The summer was drawing to its close while Saxon still wavered. Unless he faced the charge that seemed impending near the equator, he must always stand, before himself at least, convicted. Yet, Duska was immovable in her decision, and Steele backed her intuition with so many plausible, masculine arguments that he waited. He was packing and preparing the pictures that were to be shipped to New York. Some of them would be exhibited and sold there. Others, to be selected by his Eastern agent, would go on to the Paris market. He had included the landscape painted on the cliff, on the day when the purple flower lured him over the edge, and the portrait of the girl. These pictures, however, he specified, were only for exhibition, and were not under any circumstances to be sold.

Each day, he insisted on the necessity of his investigation, and argued it with all the forcefulness he could command, but Duska steadfastly overruled him.

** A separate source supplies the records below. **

(* Let $n\ge1$, $k=\lfloor\log_2 n\rfloor$ and $r=n-2^k$. Let $A\in\mathbb{R}^{n\times n}$ be the unit-row tree matrix of size $n$ (defined in the context). Then $$\beta(A)=\Big(2\sqrt{k+1}-\sqrt{k+2}\Big)+\frac{n}{2^{k}}\Big(\sqrt{k+2}-\sqrt{k+1}\Big).$$ In particular, when $n=2^k$, $\beta(A)=\sqrt{k+1}$.
   Context: For $A\in\mathbb{R}^{m\times n}$, $\beta(A)=\frac{1}{2^n}\sum_{x\in\{-1,1\}^n}\|Ax\|_\infty$. Tree matrix: with $k=\lfloor\log_2 n\rfloor$ and $r=n-2^k$, list the $2^k$ sign strings $s\in\{-1,1\}^k$ in lexicographic order (with $-1<+1$). Replace each of the first $r$ strings $s$ by its two extensions $(s,-1)$ and $(s,+1)$ (keeping the order), and keep the remaining $2^k-r$ strings unchanged; this gives $n$ strings, $2r$ of length $k+1$ and $2^k-r$ of length $k$ (they are the root-to-leaf paths of a binary tree with $n$ leaves filled from the left, with left edges labeled $-1$ and right edges $+1$). For each such string $t$, form the row vector in $\mathbb{R}^n$ given by $(1,t,0,\dots,0)$ (a leading $1$, then $t$, then zeros to length $n$), and divide it by its Euclidean norm (i.e. by $\sqrt{k+2}$ or $\sqrt{k+1}$). The $n\times n$ matrix with these rows is the unit-row tree matrix. *)

theory Defs
  imports Complex_Main
begin

text \<open>Matrices of size m x n are represented as functions nat => nat => real,
  with only the entries i < m, j < n being relevant.\<close>

definition sign_vectors :: "nat \<Rightarrow> real list set" where
  "sign_vectors n = {xs. length xs = n \<and> set xs \<subseteq> {-1, 1}}"

definition inf_norm_Ax :: "nat \<Rightarrow> nat \<Rightarrow> (nat \<Rightarrow> nat \<Rightarrow> real) \<Rightarrow> real list \<Rightarrow> real" where
  "inf_norm_Ax m n A x = Max ((\<lambda>i. \<bar>\<Sum>j<n. A i j * x ! j\<bar>) ` {..<m})"

definition beta :: "nat \<Rightarrow> nat \<Rightarrow> (nat \<Rightarrow> nat \<Rightarrow> real) \<Rightarrow> real" where
  "beta m n A = (1 / 2 ^ n) * (\<Sum>x\<in>sign_vectors n. inf_norm_Ax m n A x)"

fun sign_strings :: "nat \<Rightarrow> real list list" where
  "sign_strings 0 = [[]]"
| "sign_strings (Suc k) = map (\<lambda>s. (-1) # s) (sign_strings k) @ map (\<lambda>s. 1 # s) (sign_strings k)"

definition tree_k :: "nat \<Rightarrow> nat" where
  "tree_k n = nat \<lfloor>log 2 (real n)\<rfloor>"

text \<open>The n strings (root-to-leaf paths of the binary tree with n leaves).\<close>
definition tree_strings :: "nat \<Rightarrow> real list list" where
  "tree_strings n = (let k = tree_k n; r = n - 2 ^ k; ss = sign_strings k in
     concat (map (\<lambda>s. [s @ [-1], s @ [1]]) (take r ss)) @ drop r ss)"

definition euclid_norm :: "real list \<Rightarrow> real" where
  "euclid_norm v = sqrt (\<Sum>a\<leftarrow>v. a ^ 2)"

definition tree_row :: "nat \<Rightarrow> real list \<Rightarrow> real list" where
  "tree_row n t = (let v = (1 # t) @ replicate (n - (length t + 1)) 0 in
     map (\<lambda>a. a / euclid_norm v) v)"

definition unit_row_tree_matrix :: "nat \<Rightarrow> nat \<Rightarrow> nat \<Rightarrow> real" where
  "unit_row_tree_matrix n i j = tree_row n (tree_strings n ! i) ! j"

end

theory Submission
  imports Defs
begin

text \<open>For a sign vector \<open>x = a # xs\<close>, the row of a string \<open>t\<close> gives
  \<open>\<bar>1 + \<langle>t, y\<rangle>\<bar> / sqrt (1 + length t)\<close> with \<open>y = a \<cdot> xs\<close>, which is at most
  \<open>sqrt (1 + length t)\<close> with equality iff \<open>t\<close> is a prefix of \<open>y\<close>, and at most
  \<open>sqrt (length t)\<close> otherwise. Hence \<open>\<parallel>A x\<parallel>\<^sub>\<infinity>\<close> is \<open>sqrt (k + 2)\<close> if the first \<open>k\<close>
  entries of \<open>y\<close> form one of the \<open>r\<close> split strings and \<open>sqrt (k + 1)\<close> otherwise.
  It depends only on those \<open>k\<close> entries, which are uniformly distributed, so
  \<open>\<beta>(A) = (r sqrt (k + 2) + (2\<^sup>k - r) sqrt (k + 1)) / 2\<^sup>k\<close>.\<close>

lemma sign_vectors_Suc:
  "sign_vectors (Suc k) = (#) (-1) ` sign_vectors k \<union> (#) 1 ` sign_vectors k"
  unfolding sign_vectors_def by (auto simp: length_Suc_conv)

lemma length_sign_strings: "length (sign_strings k) = 2 ^ k"
  by (induction k) auto

lemma set_sign_strings: "set (sign_strings k) = sign_vectors k"
proof (induction k)
  case 0
  then show ?case by (auto simp: sign_vectors_def)
next
  case (Suc k)
  then show ?case by (simp add: sign_vectors_Suc)
qed

lemma distinct_sign_strings: "distinct (sign_strings k)"
  by (induction k) (auto simp: distinct_map inj_on_def)

lemma finite_sign_vectors: "finite (sign_vectors k)"
  by (metis set_sign_strings List.finite_set)

lemma card_sign_vectors: "card (sign_vectors k) = 2 ^ k"
  by (metis set_sign_strings distinct_sign_strings distinct_card length_sign_strings)

lemma sum_sign_vectors_Suc:
  "(\<Sum>x\<in>sign_vectors (Suc k). f x) = (\<Sum>xs\<in>sign_vectors k. f ((-1) # xs) + f (1 # xs))"
proof -
  have "(#) (-1) ` sign_vectors k \<inter> (#) (1::real) ` sign_vectors k = {}" by auto
  then show ?thesis
    by (simp add: sign_vectors_Suc sum.union_disjoint finite_sign_vectors sum.reindex sum.distrib)
qed

lemma sum_sign_vectors_take:
  "(\<Sum>x\<in>sign_vectors (m + l). f (take m x))
     = 2 ^ l * (\<Sum>s\<in>sign_vectors m. f s :: 'a::comm_semiring_1)"
proof (induction m arbitrary: f)
  case 0
  have "sign_vectors 0 = {[]}" by (auto simp: sign_vectors_def)
  then show ?case by (simp add: card_sign_vectors)
next
  case (Suc m)
  have "(\<Sum>x\<in>sign_vectors (Suc m + l). f (take (Suc m) x))
      = (\<Sum>xs\<in>sign_vectors (m + l). f ((-1) # take m xs) + f (1 # take m xs))"
    by (simp add: sum_sign_vectors_Suc)
  also have "\<dots> = 2 ^ l * (\<Sum>s\<in>sign_vectors m. f ((-1) # s) + f (1 # s))"
    by (rule Suc.IH)
  finally show ?case by (simp add: sum_sign_vectors_Suc)
qed

lemma sum_sign_vectors_scale:
  assumes "a \<in> {-1, 1}"
  shows "(\<Sum>xs\<in>sign_vectors k. f (map ((*) a) xs)) = (\<Sum>xs\<in>sign_vectors k. f xs)"
proof -
  have involution: "map ((*) a) (map ((*) a) xs) = xs" for xs
    using assms by (induction xs) (auto simp: mult.assoc[symmetric])
  show ?thesis
    by (rule sum.reindex_bij_witness[where i = "map ((*) a)" and j = "map ((*) a)"])
       (use assms in \<open>auto simp del: map_map simp: involution sign_vectors_def\<close>)
qed

lemma abs_one_plus_sum_le:
  fixes f :: "nat \<Rightarrow> real"
  assumes "\<And>j. j < L \<Longrightarrow> \<bar>f j\<bar> \<le> 1"
  shows "\<bar>1 + (\<Sum>j<L. f j)\<bar> \<le> real L + 1"
proof -
  have "\<bar>\<Sum>j<L. f j\<bar> \<le> (\<Sum>j<L. 1)"
    by (rule order_trans[OF sum_abs sum_mono]) (use assms in auto)
  then show ?thesis by simp
qed

lemma abs_one_plus_sum_le_if_neg:
  fixes f :: "nat \<Rightarrow> real"
  assumes "\<And>j. j < L \<Longrightarrow> \<bar>f j\<bar> \<le> 1" and "i < L" and "f i = -1"
  shows "\<bar>1 + (\<Sum>j<L. f j)\<bar> \<le> real L - 1"
proof -
  have "(\<Sum>j<L. f j) = f i + (\<Sum>j\<in>{..<L} - {i}. f j)"
    using \<open>i < L\<close> by (intro sum.remove) auto
  moreover have "\<bar>\<Sum>j\<in>{..<L} - {i}. f j\<bar> \<le> (\<Sum>j\<in>{..<L} - {i}. 1)"
    by (rule order_trans[OF sum_abs sum_mono]) (use assms in auto)
  ultimately show ?thesis using \<open>i < L\<close> \<open>f i = -1\<close> by simp
qed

Once, as the sunset dyed the west with the richness of gold and purple and orange and lake, they were walking their horses along a hill lane between pines and cedars. The girl’s eyes were drinking in the color and abundant beauty, and the man rode silent at her saddle skirt. She had silenced his continual argument after her usual decisive fashion. Now, she turned her head, and demanded:

“Suppose you went and settled this, would you be nearer your certainty? The very disproving of this suspicion would leave you where you were before Señor Ribero told his story.”

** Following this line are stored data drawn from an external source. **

(* Let $G$ be a finite simple graph. Then $\eta(G)$ equals the maximum number of pairwise vertex-disjoint cycles in $G$ (this maximum being $0$ if $G$ is a forest).
   Context: A finite simple graph $G$ is regarded as a simplicial complex of dimension at most $1$. Its face poset $\mathcal{F}(G)$ is the directed graph whose vertices are the vertices and the edges of $G$, with a directed edge $e\to v$ whenever $v$ is an endpoint of the edge $e$ of $G$. A matching on $\mathcal{F}(G)$ is a set $m$ of edges of $\mathcal{F}(G)$, no two of which share an endpoint. Given a matching $m$, let $\mathcal{F}_m(G)$ be the directed graph obtained from $\mathcal{F}(G)$ by reversing the orientation of every edge in $m$; a directed cycle of $\mathcal{F}_m(G)$ (closed directed path with no repeated vertices) is said to be supported by $m$, and $J(m)$ is the number of directed cycles supported by $m$. The matching complex $\mathrm{M}(G)$ is the simplicial complex whose vertex set is the set of edges of $\mathcal{F}(G)$ and whose simplices are the nonempty matchings; $\mathrm{M}_k(G)$ is the subcomplex of simplices (matchings) $m$ with $J(m)\le k$. $\eta(G)$ is the smallest integer $k\ge0$ with $\mathrm{M}_k(G)=\mathrm{M}(G)$. A cycle of $G$ is a subgraph homeomorphic to a circle. *)

theory Defs
  imports Main
begin

definition simple_graph :: "'a set \<Rightarrow> 'a set set \<Rightarrow> bool" where
  "simple_graph V E \<longleftrightarrow> finite V \<and> (\<forall>e\<in>E. \<exists>u v. u \<in> V \<and> v \<in> V \<and> u \<noteq> v \<and> e = {u, v})"

datatype 'a face = FVert 'a | FEdge "'a set"

definition face_arcs :: "'a set \<Rightarrow> 'a set set \<Rightarrow> ('a face \<times> 'a face) set" where
  "face_arcs V E = {(FEdge e, FVert v) | e v. e \<in> E \<and> v \<in> e}"

definition face_matching :: "'a set \<Rightarrow> 'a set set \<Rightarrow> ('a face \<times> 'a face) set \<Rightarrow> bool" where
  "face_matching V E m \<longleftrightarrow> m \<subseteq> face_arcs V E \<and>
     (\<forall>a\<in>m. \<forall>b\<in>m. a \<noteq> b \<longrightarrow> {fst a, snd a} \<inter> {fst b, snd b} = {})"

definition reversed_arcs :: "'a set \<Rightarrow> 'a set set \<Rightarrow> ('a face \<times> 'a face) set \<Rightarrow> ('a face \<times> 'a face) set" where
  "reversed_arcs V E m = {(x, y). ((x, y) \<in> face_arcs V E \<and> (x, y) \<notin> m) \<or> (y, x) \<in> m}"

definition is_dcycle :: "('b \<times> 'b) set \<Rightarrow> 'b list \<Rightarrow> bool" where
  "is_dcycle A xs \<longleftrightarrow> xs \<noteq> [] \<and> distinct xs \<and>
     (\<forall>i < length xs. (xs ! i, xs ! (Suc i mod length xs)) \<in> A)"

(* The set of arcs traversed by such a cycle (identifies rotations) *)
definition cycle_arcs :: "'b list \<Rightarrow> ('b \<times> 'b) set" where
  "cycle_arcs xs = {(xs ! i, xs ! (Suc i mod length xs)) | i. i < length xs}"

definition J :: "'a set \<Rightarrow> 'a set set \<Rightarrow> ('a face \<times> 'a face) set \<Rightarrow> nat" where
  "J V E m = card {cycle_arcs xs | xs. is_dcycle (reversed_arcs V E m) xs}"

(* eta(G): least k with M_k(G) = M(G), i.e. every (nonempty) matching m has J(m) \<le> k *)
definition eta :: "'a set \<Rightarrow> 'a set set \<Rightarrow> nat" where
  "eta V E = (LEAST k. \<forall>m. face_matching V E m \<and> m \<noteq> {} \<longrightarrow> J V E m \<le> k)"

definition graph_cycle :: "'a set \<Rightarrow> 'a set set \<Rightarrow> 'a list \<Rightarrow> bool" where
  "graph_cycle V E xs \<longleftrightarrow> length xs \<ge> 3 \<and> distinct xs \<and> set xs \<subseteq> V \<and>
     (\<forall>i < length xs. {xs ! i, xs ! (Suc i mod length xs)} \<in> E)"

definition max_disjoint_cycles :: "'a set \<Rightarrow> 'a set set \<Rightarrow> nat" where
  "max_disjoint_cycles V E = Max {k. \<exists>cs. length cs = k \<and> (\<forall>c\<in>set cs. graph_cycle V E c) \<and>
      (\<forall>i < k. \<forall>j < k. i \<noteq> j \<longrightarrow> set (cs ! i) \<inter> set (cs ! j) = {})}"

end

theory Submission
  imports Defs
begin

(* In F_m(G) a vertex has at most one outgoing arc (to the edge matched with it), and an edge that
   is entered at all is entered from its matched endpoint and left only towards its other endpoint.
   So every node of a directed cycle has a unique successor: a directed cycle is determined by any
   of its nodes, distinct directed cycles are disjoint, and the vertices of a directed cycle, read
   in order, form a cycle of G.  Hence J(m) is at most the maximal number of disjoint cycles.
   Conversely, for disjoint cycles c_0 c_1 ... c_(n-1) of G, matching every edge {c_i, c_(i+1)}
   with c_i turns each of them into a directed cycle c_0 {c_0,c_1} c_1 {c_1,c_2} ... of F_m(G),
   so that J(m) >= n for this matching. *)

section \<open>Directed cycles of a relation\<close>

lemma mod_less_of_less: "i < n \<Longrightarrow> k mod n < (n::nat)"
  by (metis less_nat_zero_code mod_less_divisor neq0_conv)

lemma is_dcycle_arc:
  "is_dcycle A xs \<Longrightarrow> i < length xs \<Longrightarrow> (xs ! i, xs ! (Suc i mod length xs)) \<in> A"
  unfolding is_dcycle_def by auto

lemma is_dcycle_in_Range:
  assumes "is_dcycle A xs" "x \<in> set xs"
  shows "x \<in> Range A"
proof -
  obtain i where i: "i < length xs" "x = xs ! i" using assms(2) by (auto simp: in_set_conv_nth)
  let ?n = "length xs"
  have "Suc ((i + ?n - 1) mod ?n) mod ?n = Suc (i + ?n - 1) mod ?n" by (simp add: mod_Suc_eq)
  also have "Suc (i + ?n - 1) = i + ?n" using i by simp
  also have "(i + ?n) mod ?n = i" using i by simp
  finally have "Suc ((i + ?n - 1) mod ?n) mod ?n = i" .
  moreover have "(i + ?n - 1) mod ?n < ?n" by (rule mod_less_of_less[OF i(1)])
  ultimately show ?thesis using is_dcycle_arc[OF assms(1), of "(i + ?n - 1) mod ?n"] i by force
qed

“It would mean this much,” he argued. “I should have followed to its end every clew that was given me. I should have exhausted the possibilities, and I could then with a clear conscience leave the rest to destiny. I could go on feeling that I had a right to abandon the past because I had questioned it as far as I knew.”

She was resolute.

“I should,” he urged, “feel that in letting you share the danger I had at least tried to end it.”

She raised her chin almost scornfully, and her eyes grew deeper.

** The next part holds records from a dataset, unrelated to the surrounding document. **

lemma nn_integral_one_minus_cos_exp:
  fixes t :: real
  shows "(\<integral>\<^sup>+x. ennreal (indicator {0<..} x * ((1 - cos (t * x)) * exp (- x))) \<partial>lborel)
       = ennreal (t\<^sup>2 / (1 + t\<^sup>2))"
proof -
  define f where "f x = (1 - cos (t * x)) * exp (- x)" for x
  define F where "F x = - exp (- x) * (1 + (t * sin (t * x) - cos (t * x)) / (1 + t\<^sup>2))" for x
  note F_props = one_minus_cos_exp_antiderivative[of t, folded F_def[abs_def] f_def]
  have pos: "0 < 1 + t\<^sup>2" by (simp add: add_pos_nonneg)
  have "(F \<longlongrightarrow> F 0) (at_right 0)" unfolding F_def
    using pos by (intro tendsto_intros continuous_intros) simp
  moreover have "F 0 = - (t\<^sup>2 / (1 + t\<^sup>2))" unfolding F_def using pos by (simp add: field_simps)
  ultimately have F_0: "((F \<circ> real_of_ereal) \<longlongrightarrow> - (t\<^sup>2 / (1 + t\<^sup>2))) (at_right 0)"
    by (simp add: zero_ereal_def ereal_tendsto_simps)
  have F_infty: "((F \<circ> real_of_ereal) \<longlongrightarrow> 0) (at_left \<infinity>)"
    using F_props(2) by (simp add: ereal_tendsto_simps)
  have f_nonneg: "0 \<le> f x" for x unfolding f_def by (intro mult_nonneg_nonneg) auto
  have f_cont: "isCont f x" for x
    unfolding f_def[abs_def] by (intro continuous_intros)
  have "AE x in lborel. 0 < ereal x \<longrightarrow> ereal x < \<infinity> \<longrightarrow> 0 \<le> f x"
    using f_nonneg by simp
  note FTC = interval_integral_FTC_nonneg[OF _ F_props(1) f_cont this F_0 F_infty]
  have "set_integrable lborel (einterval 0 \<infinity>) f" "(LBINT x=0..\<infinity>. f x) = 0 - - (t\<^sup>2 / (1 + t\<^sup>2))"
    by (rule FTC(1), simp) (rule FTC(2), simp)
  moreover have "einterval 0 \<infinity> = {0::real<..}" by (auto simp: einterval_iff)
  ultimately have "set_integrable lborel {0<..} f" "(LBINT x:{0<..}. f x) = t\<^sup>2 / (1 + t\<^sup>2)"
    by (simp_all add: interval_lebesgue_integral_0_infty)
  hence int: "integrable lborel (\<lambda>x. indicator {0<..} x * f x)"
    and val: "(\<integral>x. indicator {0<..} x * f x \<partial>lborel) = t\<^sup>2 / (1 + t\<^sup>2)"
    by (simp_all add: set_integrable_def set_lebesgue_integral_def)
  have "AE x in lborel. 0 \<le> indicator {0<..} x * f x"
    using f_nonneg by (simp add: indicator_def)
  from nn_integral_eq_integral[OF int this]
  have "(\<integral>\<^sup>+x. ennreal (indicator {0<..} x * f x) \<partial>lborel) = ennreal (t\<^sup>2 / (1 + t\<^sup>2))"
    by (simp only: val)
  thus ?thesis by (simp add: f_def)
qed

section \<open>Fractional absolute moments through the characteristic function\<close>

definition cos_kernel_const :: "real \<Rightarrow> ennreal" where
  "cos_kernel_const p = (\<integral>\<^sup>+t. ennreal (indicator {0<..} t * ((1 - cos t) * t powr (- p - 1))) \<partial>lborel)"

lemma nn_integral_one_minus_cos_powr:
  fixes y p :: real
  shows "(\<integral>\<^sup>+t. ennreal (indicator {0<..} t * ((1 - cos (t * y)) * t powr (- p - 1))) \<partial>lborel)
       = ennreal (\<bar>y\<bar> powr p) * cos_kernel_const p"
proof (cases "y = 0")
  case False
  define c where "c = 1 / \<bar>y\<bar>"
  have c: "c > 0" using False by (simp add: c_def)
  let ?f = "\<lambda>t. ennreal (indicator {0<..} t * ((1 - cos (t * y)) * t powr (- p - 1)))"
  have cos_c: "cos (x * c * y) = cos x" for x
    using False by (cases "y > 0") (simp_all add: c_def)
  have "(\<integral>\<^sup>+t. ?f t \<partial>lborel) = ennreal \<bar>c\<bar> * (\<integral>\<^sup>+x. ?f (0 + c * x) \<partial>lborel)"
    using c by (intro nn_integral_real_affine) auto
  also have "(\<integral>\<^sup>+x. ?f (0 + c * x) \<partial>lborel)
       = (\<integral>\<^sup>+x. ennreal (c powr (- p - 1))
                * ennreal (indicator {0<..} x * ((1 - cos x) * x powr (- p - 1))) \<partial>lborel)"
  proof (intro nn_integral_cong)
    fix x :: real
    show "?f (0 + c * x) = ennreal (c powr (- p - 1))
                * ennreal (indicator {0<..} x * ((1 - cos x) * x powr (- p - 1)))"
      using c cos_c[of x]
      by (cases "x > 0")
         (auto simp: indicator_def powr_mult zero_less_mult_iff ennreal_mult'[symmetric] mult_ac)
  qed
  also have "\<dots> = ennreal (c powr (- p - 1)) * cos_kernel_const p"
    unfolding cos_kernel_const_def by (subst nn_integral_cmult) auto
  also have "\<bar>c\<bar> * c powr (- p - 1) = \<bar>y\<bar> powr p"
    using c False by (simp add: c_def powr_diff powr_minus powr_divide field_simps)
  hence "ennreal \<bar>c\<bar> * (ennreal (c powr (- p - 1)) * cos_kernel_const p) = ennreal (\<bar>y\<bar> powr p) * cos_kernel_const p"
    using c by (simp add: ennreal_mult'[symmetric] mult.assoc[symmetric])
  finally show ?thesis .
qed simp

“Do you think that danger can affect my love? Are we the sort of people who have no eyes in our hearts, and no hearts in our eyes, who live and marry and die, and never have a hint of loving as the gods love? I want to love you that way—audaciously—taking every chance. If the stars up there love, they love like that.”

Some days later, Mrs. Horton again referred to her wish to make the trip to Venezuela. To the man’s astonishment, Duska appeared this time more than half in favor of it, and spoke as though she might after all reconsider her refusal to be her aunt’s traveling companion. Later, when they were alone, he questioned her, and she laughed with the note of having a profound secret. At last, she explained.